=== YOUR ASSIGNMENT ===
Scan the data, and whenever a line contains "total", copy it.

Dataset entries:
......

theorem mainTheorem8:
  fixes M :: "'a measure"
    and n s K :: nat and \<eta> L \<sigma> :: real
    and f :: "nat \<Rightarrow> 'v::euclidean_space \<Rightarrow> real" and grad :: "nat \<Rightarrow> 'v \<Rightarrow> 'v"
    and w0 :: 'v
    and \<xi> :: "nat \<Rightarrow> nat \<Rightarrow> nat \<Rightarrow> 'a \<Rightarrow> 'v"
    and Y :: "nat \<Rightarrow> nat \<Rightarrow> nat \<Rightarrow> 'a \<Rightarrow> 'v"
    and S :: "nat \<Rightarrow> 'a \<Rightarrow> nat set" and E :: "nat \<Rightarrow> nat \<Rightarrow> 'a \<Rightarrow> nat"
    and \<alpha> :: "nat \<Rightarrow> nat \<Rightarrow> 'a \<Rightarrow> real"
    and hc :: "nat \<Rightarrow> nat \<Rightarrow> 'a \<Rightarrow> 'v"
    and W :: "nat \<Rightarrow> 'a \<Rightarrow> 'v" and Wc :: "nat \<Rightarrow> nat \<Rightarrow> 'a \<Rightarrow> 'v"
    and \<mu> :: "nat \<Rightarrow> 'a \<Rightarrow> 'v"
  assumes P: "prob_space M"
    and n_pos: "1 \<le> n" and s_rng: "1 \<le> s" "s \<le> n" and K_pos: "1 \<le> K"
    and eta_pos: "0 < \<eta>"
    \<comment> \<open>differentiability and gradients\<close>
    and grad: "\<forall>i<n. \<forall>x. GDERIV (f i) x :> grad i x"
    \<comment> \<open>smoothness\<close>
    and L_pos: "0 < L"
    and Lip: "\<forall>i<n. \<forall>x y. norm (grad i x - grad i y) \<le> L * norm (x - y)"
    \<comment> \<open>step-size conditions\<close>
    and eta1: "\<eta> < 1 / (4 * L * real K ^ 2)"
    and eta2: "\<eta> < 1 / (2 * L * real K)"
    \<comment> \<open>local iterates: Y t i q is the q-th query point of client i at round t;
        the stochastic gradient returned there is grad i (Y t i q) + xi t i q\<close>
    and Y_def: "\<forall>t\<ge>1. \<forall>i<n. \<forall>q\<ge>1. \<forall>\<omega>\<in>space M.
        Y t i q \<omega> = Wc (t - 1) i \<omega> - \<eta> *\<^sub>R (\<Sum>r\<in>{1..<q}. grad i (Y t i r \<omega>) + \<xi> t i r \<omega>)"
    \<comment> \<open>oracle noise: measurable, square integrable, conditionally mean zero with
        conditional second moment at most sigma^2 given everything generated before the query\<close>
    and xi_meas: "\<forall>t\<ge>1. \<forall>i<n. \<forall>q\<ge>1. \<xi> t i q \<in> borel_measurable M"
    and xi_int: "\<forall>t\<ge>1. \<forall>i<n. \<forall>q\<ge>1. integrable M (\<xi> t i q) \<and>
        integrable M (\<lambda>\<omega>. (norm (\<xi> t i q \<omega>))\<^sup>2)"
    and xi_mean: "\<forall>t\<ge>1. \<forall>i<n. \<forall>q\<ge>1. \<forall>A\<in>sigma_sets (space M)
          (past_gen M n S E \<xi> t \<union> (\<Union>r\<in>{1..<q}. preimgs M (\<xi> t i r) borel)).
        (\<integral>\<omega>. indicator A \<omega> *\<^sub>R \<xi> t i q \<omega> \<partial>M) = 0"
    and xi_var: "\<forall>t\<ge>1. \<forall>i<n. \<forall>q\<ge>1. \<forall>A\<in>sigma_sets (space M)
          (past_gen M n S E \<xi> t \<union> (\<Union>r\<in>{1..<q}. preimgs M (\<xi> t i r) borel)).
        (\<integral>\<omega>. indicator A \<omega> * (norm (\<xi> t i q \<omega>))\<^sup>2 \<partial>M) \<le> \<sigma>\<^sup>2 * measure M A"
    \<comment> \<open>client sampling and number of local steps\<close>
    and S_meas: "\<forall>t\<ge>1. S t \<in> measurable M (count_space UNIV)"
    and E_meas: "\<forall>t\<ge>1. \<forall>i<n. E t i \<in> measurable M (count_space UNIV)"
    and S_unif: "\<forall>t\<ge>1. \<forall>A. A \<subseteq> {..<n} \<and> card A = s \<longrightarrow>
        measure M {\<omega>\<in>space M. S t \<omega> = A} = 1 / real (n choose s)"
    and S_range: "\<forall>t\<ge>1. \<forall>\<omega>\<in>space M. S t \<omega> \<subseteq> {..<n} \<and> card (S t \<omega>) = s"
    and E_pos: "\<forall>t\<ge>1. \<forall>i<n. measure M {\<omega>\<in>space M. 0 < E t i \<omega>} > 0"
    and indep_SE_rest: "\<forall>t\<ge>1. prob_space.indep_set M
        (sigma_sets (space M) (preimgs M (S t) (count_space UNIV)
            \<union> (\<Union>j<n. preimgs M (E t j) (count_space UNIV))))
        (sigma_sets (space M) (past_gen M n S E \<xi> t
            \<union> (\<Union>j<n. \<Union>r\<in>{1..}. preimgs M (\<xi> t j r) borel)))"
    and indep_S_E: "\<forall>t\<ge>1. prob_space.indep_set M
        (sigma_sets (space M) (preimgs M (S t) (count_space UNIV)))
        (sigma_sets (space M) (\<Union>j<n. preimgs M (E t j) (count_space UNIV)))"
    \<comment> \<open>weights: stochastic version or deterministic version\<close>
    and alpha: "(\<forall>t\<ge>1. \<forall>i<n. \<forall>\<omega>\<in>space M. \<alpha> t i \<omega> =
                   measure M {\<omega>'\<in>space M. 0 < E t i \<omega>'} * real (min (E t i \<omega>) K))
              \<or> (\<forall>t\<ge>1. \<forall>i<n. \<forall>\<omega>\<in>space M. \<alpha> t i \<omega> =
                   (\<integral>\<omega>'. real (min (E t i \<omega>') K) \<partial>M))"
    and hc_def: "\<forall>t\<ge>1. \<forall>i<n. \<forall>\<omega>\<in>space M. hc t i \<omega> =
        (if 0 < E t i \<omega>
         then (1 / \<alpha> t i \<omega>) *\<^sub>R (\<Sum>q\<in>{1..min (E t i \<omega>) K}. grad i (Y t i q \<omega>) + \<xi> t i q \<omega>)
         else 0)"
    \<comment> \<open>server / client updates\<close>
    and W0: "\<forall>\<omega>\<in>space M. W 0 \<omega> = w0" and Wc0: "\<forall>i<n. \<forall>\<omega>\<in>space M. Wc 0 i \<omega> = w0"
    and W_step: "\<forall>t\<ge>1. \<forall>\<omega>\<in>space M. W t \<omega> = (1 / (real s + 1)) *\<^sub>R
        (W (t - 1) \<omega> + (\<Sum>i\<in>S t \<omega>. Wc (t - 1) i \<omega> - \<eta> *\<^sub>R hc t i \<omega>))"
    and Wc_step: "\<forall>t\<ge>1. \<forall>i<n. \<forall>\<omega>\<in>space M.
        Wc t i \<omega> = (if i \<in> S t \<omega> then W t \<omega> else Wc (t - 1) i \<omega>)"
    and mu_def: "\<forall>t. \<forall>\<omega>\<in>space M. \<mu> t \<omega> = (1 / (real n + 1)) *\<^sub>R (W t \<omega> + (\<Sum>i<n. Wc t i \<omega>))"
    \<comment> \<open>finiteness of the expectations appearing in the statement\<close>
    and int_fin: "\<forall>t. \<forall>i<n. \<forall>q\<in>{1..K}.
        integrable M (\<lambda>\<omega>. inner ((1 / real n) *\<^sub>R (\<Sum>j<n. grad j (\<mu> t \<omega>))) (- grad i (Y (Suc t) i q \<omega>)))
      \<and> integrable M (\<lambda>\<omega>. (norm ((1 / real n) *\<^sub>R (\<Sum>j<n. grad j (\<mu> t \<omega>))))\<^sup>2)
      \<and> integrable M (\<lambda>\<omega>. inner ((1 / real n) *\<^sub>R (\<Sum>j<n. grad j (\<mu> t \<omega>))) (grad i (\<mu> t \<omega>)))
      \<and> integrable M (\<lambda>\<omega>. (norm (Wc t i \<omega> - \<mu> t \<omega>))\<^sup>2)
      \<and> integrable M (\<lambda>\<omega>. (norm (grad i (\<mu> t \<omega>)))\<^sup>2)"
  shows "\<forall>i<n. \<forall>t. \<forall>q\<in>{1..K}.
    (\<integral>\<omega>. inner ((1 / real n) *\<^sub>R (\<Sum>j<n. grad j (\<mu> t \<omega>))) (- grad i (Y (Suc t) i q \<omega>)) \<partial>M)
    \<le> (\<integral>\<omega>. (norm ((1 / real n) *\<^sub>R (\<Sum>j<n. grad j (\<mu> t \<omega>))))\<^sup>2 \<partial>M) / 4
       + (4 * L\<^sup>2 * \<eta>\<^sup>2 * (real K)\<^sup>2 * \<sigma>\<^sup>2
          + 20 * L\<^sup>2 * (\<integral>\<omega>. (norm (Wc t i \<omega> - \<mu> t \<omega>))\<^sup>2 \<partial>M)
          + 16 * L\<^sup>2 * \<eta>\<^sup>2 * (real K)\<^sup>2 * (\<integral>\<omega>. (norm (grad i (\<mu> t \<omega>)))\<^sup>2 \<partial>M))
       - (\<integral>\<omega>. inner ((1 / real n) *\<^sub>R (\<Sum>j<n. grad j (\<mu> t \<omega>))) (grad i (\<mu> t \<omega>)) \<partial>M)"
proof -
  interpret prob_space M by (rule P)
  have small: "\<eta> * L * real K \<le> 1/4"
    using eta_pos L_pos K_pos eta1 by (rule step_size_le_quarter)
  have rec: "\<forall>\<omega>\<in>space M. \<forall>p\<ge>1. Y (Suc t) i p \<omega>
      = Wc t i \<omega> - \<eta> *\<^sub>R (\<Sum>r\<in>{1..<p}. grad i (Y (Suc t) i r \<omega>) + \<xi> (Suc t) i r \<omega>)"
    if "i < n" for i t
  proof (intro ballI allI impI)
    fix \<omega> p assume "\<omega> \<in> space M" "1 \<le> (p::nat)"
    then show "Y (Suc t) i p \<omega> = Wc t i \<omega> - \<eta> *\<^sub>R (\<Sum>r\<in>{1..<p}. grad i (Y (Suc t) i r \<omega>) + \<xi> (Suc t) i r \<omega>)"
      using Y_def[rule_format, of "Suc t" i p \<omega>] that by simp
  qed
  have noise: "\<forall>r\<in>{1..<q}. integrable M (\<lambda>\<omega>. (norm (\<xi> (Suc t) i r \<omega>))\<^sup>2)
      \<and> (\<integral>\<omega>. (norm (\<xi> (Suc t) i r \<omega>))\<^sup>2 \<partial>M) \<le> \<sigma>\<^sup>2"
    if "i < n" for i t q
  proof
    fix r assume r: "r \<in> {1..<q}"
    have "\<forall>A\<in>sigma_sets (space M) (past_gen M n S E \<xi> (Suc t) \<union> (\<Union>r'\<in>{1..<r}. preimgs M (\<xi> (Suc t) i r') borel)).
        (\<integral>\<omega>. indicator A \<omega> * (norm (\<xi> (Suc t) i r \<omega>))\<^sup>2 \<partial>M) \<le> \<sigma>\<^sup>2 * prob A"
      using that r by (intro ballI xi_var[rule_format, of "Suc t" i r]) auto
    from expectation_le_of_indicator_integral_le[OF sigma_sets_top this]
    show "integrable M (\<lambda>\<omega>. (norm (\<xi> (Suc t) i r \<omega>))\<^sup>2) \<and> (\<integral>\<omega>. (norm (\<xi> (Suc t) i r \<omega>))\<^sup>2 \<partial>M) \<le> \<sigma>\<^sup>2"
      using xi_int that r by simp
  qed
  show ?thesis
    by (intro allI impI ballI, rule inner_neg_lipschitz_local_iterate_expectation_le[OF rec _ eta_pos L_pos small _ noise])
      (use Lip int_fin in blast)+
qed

......

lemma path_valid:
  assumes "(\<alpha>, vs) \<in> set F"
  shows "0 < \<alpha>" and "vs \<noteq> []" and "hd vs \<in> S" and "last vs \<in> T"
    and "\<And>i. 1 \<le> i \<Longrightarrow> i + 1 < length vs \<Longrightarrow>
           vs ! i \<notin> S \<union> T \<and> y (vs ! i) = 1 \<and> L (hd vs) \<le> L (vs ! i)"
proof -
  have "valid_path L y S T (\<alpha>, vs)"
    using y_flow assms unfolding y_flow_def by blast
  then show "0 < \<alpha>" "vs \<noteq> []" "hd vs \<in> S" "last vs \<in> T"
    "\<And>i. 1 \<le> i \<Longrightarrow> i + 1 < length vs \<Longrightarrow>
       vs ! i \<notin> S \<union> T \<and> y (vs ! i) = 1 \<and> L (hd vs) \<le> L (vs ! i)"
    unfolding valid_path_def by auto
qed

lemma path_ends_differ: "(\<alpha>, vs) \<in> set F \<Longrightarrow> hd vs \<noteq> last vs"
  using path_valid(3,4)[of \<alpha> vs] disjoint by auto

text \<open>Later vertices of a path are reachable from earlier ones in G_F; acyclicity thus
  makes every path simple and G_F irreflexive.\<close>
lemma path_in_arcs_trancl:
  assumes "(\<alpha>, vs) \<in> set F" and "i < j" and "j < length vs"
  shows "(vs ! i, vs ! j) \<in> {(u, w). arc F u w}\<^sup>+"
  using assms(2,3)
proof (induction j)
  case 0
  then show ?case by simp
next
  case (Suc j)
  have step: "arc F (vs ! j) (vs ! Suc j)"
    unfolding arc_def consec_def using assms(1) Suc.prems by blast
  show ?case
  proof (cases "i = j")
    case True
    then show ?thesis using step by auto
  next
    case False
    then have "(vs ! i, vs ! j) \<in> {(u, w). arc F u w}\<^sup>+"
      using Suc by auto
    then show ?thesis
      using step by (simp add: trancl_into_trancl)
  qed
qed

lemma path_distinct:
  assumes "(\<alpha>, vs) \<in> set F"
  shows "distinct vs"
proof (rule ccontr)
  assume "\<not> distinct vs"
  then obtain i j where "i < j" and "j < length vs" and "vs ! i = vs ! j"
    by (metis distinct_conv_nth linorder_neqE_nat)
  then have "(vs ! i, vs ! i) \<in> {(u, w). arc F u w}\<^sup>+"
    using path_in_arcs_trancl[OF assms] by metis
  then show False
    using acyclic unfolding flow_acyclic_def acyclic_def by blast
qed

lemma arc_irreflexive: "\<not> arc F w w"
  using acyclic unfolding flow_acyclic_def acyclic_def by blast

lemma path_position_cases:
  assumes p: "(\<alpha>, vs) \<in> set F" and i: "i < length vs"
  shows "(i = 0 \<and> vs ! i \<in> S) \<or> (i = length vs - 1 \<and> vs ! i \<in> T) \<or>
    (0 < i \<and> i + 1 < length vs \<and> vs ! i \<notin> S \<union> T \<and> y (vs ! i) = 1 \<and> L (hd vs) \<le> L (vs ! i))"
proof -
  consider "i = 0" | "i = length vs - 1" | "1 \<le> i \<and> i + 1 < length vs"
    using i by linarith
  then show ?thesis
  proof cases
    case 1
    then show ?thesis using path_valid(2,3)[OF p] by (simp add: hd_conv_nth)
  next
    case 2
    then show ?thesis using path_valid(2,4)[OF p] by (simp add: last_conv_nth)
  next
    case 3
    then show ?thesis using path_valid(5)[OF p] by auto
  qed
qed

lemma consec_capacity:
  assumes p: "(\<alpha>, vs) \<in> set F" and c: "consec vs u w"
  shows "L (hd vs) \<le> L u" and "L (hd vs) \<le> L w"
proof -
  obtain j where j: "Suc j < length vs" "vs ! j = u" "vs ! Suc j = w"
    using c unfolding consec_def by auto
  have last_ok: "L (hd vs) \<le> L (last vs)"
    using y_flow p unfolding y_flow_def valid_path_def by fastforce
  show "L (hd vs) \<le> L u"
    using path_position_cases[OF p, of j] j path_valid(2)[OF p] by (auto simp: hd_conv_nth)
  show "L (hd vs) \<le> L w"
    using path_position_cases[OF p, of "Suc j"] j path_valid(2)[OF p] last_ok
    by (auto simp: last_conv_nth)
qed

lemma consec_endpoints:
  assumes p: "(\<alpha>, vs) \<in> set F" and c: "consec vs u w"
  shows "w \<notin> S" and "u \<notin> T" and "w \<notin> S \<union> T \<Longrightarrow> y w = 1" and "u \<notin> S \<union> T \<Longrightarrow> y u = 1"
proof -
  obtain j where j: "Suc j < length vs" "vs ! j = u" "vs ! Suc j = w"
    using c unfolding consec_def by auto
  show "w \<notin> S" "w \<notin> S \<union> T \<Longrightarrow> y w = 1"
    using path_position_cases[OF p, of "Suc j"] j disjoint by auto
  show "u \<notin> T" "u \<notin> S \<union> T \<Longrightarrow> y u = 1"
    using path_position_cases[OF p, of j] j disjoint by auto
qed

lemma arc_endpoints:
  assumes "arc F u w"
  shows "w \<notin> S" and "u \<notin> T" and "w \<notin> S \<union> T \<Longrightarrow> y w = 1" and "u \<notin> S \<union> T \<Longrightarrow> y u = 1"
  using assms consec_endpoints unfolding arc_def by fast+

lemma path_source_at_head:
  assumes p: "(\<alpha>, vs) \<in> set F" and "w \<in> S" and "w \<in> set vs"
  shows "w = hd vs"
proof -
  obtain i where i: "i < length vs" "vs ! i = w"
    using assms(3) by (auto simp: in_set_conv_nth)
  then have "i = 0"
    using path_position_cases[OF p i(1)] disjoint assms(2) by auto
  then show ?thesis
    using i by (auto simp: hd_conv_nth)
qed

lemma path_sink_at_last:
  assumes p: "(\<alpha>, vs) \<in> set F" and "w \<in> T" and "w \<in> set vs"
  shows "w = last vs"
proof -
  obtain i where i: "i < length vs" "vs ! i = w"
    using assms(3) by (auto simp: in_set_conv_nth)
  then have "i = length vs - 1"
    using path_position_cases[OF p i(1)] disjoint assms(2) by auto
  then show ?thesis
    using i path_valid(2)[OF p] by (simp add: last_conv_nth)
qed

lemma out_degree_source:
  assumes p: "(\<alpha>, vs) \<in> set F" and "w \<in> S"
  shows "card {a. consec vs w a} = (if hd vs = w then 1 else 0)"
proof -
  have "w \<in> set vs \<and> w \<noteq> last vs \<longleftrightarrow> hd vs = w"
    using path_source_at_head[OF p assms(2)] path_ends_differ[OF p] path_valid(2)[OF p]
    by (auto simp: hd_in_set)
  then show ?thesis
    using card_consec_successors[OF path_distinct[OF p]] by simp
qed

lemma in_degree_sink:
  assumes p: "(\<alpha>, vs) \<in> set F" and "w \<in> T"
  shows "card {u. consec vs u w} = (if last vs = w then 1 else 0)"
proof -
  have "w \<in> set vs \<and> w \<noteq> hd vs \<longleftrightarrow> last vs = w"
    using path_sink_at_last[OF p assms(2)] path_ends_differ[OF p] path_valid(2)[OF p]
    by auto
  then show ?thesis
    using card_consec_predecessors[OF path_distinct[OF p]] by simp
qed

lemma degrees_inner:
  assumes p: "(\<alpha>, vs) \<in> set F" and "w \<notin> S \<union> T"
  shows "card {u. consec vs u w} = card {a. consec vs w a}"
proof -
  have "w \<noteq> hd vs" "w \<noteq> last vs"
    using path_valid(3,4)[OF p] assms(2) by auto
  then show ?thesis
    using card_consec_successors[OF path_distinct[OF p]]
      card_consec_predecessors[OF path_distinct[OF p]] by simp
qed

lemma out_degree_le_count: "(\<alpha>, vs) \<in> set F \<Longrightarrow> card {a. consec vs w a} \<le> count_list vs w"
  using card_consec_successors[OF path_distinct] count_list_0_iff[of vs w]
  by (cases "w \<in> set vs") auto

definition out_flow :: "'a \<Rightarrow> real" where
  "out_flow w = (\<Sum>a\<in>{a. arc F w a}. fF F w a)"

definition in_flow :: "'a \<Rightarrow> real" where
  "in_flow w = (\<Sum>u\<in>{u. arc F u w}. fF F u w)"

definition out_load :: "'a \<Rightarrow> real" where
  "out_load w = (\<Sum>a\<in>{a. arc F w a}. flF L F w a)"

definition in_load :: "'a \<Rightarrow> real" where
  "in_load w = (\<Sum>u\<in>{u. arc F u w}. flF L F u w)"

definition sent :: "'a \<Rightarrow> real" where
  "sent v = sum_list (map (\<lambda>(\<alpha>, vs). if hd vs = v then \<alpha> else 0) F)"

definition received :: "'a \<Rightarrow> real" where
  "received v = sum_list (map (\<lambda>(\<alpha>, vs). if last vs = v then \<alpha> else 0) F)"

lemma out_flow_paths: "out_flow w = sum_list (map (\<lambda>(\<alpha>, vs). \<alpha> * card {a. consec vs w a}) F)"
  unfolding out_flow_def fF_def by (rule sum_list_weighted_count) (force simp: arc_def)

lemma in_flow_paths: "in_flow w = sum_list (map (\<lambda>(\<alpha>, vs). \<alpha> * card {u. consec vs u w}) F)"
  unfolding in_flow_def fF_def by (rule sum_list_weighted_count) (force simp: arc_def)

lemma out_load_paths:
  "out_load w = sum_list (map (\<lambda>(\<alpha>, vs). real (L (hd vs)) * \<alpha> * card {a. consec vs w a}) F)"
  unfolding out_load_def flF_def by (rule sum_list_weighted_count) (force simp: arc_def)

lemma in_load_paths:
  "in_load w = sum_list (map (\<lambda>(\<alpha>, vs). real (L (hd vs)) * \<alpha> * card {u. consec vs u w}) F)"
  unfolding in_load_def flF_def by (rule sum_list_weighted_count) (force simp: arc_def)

......

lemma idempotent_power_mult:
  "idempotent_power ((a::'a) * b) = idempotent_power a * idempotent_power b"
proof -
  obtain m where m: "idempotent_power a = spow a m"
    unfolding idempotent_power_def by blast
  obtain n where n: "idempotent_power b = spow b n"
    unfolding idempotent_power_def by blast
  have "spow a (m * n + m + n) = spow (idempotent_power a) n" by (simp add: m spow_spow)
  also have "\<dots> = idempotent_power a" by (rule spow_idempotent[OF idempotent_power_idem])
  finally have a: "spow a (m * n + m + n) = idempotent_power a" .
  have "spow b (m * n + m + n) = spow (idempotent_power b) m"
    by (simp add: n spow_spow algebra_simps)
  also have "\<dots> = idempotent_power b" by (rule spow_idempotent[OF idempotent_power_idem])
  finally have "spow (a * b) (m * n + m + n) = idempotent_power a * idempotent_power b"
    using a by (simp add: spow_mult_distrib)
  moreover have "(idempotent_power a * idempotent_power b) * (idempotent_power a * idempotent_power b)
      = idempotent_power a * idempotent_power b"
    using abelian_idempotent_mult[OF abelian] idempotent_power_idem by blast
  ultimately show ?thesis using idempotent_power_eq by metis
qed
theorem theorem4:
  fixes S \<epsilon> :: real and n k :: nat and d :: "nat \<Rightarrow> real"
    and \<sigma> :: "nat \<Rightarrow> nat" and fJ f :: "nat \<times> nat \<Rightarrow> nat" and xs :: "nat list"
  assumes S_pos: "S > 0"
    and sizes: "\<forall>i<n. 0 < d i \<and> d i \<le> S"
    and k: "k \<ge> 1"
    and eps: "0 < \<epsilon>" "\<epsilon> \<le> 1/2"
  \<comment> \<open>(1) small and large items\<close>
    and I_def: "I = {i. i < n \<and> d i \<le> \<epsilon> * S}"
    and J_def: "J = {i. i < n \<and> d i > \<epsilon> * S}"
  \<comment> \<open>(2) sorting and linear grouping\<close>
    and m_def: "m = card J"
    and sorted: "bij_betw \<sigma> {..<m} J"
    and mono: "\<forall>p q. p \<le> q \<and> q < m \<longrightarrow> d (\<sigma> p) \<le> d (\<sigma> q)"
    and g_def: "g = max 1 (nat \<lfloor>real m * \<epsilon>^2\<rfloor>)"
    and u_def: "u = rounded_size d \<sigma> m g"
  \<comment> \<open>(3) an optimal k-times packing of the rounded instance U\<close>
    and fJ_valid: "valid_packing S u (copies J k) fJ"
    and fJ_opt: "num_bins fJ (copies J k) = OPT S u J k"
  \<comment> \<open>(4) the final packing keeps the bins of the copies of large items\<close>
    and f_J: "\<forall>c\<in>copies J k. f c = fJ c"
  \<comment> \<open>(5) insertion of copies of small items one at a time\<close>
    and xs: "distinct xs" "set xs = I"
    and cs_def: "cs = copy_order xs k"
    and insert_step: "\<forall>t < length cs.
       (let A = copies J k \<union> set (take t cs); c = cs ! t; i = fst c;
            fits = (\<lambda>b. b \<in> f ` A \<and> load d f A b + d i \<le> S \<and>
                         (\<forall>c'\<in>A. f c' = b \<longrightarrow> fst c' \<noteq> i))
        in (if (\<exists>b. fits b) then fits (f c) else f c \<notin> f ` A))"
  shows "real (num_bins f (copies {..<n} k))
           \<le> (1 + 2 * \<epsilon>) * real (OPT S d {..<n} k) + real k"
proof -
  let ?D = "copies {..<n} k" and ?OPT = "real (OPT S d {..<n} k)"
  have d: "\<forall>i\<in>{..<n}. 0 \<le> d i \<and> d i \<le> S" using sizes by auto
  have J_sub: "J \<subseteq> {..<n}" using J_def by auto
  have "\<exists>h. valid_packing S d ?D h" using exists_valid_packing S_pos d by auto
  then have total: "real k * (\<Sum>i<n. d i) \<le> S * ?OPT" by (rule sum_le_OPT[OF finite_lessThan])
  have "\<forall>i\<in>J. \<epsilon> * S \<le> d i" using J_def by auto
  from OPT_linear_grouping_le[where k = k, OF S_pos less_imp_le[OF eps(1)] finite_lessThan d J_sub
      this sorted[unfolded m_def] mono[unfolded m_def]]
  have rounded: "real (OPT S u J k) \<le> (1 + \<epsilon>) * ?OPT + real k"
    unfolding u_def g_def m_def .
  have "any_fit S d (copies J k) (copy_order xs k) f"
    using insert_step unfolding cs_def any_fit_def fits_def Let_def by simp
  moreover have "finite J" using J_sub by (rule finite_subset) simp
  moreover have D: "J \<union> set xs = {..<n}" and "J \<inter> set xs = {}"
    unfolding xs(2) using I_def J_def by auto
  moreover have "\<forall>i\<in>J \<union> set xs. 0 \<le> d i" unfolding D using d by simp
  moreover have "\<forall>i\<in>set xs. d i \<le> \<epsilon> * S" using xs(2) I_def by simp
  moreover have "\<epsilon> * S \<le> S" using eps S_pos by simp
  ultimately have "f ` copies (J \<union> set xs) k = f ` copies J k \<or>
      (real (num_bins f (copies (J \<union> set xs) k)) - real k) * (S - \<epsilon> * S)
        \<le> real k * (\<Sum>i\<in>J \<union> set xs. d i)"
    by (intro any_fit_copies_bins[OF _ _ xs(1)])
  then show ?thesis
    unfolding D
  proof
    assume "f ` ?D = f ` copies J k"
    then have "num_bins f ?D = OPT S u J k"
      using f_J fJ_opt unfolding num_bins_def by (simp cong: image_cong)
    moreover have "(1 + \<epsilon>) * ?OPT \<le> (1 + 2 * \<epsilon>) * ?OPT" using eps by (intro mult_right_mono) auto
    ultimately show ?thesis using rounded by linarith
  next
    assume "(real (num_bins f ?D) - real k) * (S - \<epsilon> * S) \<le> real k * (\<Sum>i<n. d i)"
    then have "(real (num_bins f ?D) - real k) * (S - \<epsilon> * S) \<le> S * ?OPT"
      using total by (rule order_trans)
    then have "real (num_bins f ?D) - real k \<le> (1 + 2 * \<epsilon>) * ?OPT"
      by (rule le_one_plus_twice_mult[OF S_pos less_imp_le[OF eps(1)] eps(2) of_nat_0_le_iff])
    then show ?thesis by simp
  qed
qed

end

......

=== REPLY TO THE TASK ===
  then have total: "real k * (\<Sum>i<n. d i) \<le> S * ?OPT" by (rule sum_le_OPT[OF finite_lessThan])
      using total by (rule order_trans)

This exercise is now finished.